• What is required: Here are some records; copy every line that holds the word "lemma".
::: Material provided
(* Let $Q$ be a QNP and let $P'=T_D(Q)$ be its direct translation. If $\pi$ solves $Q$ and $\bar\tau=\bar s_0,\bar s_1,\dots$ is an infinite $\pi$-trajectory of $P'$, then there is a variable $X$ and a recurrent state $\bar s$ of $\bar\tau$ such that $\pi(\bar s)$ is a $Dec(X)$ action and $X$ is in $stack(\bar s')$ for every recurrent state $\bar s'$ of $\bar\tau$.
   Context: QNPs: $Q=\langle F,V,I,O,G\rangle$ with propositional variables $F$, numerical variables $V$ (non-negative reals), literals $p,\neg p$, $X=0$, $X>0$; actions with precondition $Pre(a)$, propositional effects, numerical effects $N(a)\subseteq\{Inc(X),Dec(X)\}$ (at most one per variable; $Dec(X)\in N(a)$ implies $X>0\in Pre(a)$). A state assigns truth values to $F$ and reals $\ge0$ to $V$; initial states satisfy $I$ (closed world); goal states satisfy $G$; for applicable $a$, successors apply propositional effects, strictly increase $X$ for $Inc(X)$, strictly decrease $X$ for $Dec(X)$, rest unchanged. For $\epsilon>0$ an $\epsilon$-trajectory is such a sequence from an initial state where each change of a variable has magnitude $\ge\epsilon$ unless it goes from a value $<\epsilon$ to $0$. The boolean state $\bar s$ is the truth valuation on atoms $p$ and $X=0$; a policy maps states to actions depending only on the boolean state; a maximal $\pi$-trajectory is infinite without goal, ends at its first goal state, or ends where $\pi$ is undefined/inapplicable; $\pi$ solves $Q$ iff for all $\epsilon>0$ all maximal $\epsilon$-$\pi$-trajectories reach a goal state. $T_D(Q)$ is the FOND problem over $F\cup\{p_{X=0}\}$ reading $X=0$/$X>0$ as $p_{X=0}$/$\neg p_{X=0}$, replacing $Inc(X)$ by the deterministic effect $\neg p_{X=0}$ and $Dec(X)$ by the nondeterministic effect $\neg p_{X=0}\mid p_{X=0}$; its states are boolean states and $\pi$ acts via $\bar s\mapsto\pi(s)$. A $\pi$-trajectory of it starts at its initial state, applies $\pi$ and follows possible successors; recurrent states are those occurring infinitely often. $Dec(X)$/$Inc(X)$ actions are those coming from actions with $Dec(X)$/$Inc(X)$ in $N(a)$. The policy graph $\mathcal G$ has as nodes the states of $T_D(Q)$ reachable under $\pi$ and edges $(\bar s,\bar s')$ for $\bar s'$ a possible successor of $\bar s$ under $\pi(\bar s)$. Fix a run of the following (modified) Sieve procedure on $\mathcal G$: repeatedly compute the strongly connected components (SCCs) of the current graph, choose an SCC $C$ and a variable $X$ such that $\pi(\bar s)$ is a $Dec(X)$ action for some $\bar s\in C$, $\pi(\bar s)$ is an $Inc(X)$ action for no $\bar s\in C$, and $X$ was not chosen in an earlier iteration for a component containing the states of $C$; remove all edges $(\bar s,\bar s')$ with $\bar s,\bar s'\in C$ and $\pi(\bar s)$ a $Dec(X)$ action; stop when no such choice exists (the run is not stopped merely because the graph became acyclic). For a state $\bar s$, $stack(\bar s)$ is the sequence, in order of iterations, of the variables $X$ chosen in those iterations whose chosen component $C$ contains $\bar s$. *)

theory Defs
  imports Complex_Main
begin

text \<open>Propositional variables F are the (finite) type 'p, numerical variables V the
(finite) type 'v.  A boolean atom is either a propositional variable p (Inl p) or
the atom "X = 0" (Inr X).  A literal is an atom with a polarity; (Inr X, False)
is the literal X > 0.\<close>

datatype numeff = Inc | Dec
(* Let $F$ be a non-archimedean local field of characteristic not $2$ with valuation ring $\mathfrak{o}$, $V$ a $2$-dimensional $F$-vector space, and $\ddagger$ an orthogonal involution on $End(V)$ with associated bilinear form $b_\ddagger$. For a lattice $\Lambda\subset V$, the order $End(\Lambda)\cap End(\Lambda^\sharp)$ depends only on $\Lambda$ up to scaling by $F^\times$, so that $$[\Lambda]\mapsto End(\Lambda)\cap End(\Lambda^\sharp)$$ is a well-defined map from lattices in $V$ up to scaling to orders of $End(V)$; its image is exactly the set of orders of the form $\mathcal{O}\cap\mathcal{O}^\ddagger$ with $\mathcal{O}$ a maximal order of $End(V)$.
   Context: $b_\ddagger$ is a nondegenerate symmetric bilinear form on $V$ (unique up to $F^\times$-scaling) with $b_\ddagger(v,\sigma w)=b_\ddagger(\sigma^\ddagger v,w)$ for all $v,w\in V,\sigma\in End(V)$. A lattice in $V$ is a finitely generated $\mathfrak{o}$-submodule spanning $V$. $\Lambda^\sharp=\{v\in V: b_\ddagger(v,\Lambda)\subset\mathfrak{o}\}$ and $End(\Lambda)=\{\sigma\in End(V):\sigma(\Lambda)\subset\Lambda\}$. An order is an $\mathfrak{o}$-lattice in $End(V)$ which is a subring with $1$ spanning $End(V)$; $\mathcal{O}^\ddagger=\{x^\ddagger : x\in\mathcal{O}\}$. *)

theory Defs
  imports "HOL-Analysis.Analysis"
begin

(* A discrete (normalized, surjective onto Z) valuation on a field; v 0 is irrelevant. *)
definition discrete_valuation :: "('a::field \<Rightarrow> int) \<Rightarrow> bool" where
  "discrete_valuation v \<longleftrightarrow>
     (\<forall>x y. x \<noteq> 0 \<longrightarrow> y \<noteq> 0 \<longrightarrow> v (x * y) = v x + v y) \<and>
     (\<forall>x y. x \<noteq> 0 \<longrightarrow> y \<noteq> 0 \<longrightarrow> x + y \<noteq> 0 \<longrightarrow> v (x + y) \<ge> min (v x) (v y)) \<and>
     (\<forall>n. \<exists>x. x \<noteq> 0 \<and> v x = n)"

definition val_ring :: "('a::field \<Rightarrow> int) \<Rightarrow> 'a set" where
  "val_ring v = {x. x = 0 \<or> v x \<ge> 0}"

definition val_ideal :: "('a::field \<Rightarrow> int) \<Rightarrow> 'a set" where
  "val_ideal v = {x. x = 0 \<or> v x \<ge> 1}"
::::::
::: Material provided
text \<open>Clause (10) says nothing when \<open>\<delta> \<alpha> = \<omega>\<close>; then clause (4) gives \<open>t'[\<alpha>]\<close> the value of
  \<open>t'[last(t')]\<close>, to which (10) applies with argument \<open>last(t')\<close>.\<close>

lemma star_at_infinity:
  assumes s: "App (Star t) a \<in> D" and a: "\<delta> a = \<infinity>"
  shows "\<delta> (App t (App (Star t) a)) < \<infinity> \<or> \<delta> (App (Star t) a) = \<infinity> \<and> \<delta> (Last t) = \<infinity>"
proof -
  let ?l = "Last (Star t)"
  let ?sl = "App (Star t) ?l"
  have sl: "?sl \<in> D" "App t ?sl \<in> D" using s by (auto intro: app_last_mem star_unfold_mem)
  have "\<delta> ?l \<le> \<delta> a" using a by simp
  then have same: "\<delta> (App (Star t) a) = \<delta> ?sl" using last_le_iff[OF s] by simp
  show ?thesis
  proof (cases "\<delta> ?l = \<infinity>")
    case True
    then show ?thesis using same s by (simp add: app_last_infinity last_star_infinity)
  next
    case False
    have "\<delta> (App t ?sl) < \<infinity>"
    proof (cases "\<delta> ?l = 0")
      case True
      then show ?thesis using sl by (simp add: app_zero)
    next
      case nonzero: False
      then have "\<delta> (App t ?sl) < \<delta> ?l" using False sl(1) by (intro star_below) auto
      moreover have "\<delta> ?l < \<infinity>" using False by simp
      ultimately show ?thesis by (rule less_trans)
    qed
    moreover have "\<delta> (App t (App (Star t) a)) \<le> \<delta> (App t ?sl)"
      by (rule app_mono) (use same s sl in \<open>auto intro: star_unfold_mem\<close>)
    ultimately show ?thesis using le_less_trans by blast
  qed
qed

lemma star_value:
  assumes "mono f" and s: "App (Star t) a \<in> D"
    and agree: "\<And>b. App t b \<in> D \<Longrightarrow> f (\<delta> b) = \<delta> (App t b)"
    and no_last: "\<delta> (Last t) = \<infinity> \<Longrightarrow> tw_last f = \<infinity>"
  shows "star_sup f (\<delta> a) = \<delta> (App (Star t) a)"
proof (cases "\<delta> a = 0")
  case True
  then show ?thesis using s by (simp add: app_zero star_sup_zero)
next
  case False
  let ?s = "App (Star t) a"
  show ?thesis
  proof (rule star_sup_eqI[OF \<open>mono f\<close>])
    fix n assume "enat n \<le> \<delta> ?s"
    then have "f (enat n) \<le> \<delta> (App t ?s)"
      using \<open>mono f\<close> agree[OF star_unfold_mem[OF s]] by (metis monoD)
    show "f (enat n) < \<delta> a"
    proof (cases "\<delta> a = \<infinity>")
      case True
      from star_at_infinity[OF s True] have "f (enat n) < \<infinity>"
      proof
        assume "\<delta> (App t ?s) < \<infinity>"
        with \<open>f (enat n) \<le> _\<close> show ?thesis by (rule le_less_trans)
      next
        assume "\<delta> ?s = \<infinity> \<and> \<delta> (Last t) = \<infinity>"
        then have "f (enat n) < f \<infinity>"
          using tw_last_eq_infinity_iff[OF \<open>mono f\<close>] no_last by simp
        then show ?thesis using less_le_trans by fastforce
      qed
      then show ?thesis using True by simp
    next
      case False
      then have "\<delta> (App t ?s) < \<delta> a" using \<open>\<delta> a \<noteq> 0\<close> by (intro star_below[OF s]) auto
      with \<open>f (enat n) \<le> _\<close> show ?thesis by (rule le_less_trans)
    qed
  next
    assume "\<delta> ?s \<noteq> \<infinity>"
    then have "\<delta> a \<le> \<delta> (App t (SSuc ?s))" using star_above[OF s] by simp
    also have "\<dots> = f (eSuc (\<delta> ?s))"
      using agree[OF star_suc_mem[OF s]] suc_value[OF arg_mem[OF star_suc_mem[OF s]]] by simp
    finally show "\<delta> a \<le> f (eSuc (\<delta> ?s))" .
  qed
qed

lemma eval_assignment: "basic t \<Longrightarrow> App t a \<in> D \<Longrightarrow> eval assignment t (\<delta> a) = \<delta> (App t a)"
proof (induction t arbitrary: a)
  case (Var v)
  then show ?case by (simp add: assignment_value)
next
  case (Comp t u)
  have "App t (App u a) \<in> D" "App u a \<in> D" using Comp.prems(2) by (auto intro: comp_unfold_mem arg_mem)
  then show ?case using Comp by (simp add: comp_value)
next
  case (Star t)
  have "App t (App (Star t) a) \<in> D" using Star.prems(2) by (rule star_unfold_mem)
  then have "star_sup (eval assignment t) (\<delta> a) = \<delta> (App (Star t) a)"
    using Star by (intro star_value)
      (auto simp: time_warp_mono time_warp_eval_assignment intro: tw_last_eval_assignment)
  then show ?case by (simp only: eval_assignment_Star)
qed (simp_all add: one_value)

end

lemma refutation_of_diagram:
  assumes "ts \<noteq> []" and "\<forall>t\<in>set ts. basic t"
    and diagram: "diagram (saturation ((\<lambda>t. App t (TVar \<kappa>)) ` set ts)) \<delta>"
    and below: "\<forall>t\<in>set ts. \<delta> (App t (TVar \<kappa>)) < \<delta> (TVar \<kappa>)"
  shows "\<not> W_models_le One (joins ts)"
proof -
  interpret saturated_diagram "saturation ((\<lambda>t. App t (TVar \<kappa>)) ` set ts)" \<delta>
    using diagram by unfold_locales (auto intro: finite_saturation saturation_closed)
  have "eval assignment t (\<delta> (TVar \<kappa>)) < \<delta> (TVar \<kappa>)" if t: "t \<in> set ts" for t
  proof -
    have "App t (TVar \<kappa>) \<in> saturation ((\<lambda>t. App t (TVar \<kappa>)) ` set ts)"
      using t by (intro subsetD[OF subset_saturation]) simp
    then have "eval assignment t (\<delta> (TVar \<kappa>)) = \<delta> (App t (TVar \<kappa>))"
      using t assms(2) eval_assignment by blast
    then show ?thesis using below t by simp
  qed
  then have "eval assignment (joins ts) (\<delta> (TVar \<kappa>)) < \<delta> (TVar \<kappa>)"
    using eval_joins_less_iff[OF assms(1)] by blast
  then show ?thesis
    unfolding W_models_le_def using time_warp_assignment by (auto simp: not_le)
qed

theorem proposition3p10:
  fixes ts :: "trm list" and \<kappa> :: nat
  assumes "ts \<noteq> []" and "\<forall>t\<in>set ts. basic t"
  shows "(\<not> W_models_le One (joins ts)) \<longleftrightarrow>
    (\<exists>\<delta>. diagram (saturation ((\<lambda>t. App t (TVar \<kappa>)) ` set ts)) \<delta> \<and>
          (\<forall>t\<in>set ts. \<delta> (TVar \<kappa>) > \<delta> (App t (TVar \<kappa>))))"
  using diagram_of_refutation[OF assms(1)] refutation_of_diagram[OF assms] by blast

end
::::::
• Exercise solution:
lemma star_at_infinity:
lemma star_value:
lemma eval_assignment: "basic t \<Longrightarrow> App t a \<in> D \<Longrightarrow> eval assignment t (\<delta> a) = \<delta> (App t a)"
lemma refutation_of_diagram:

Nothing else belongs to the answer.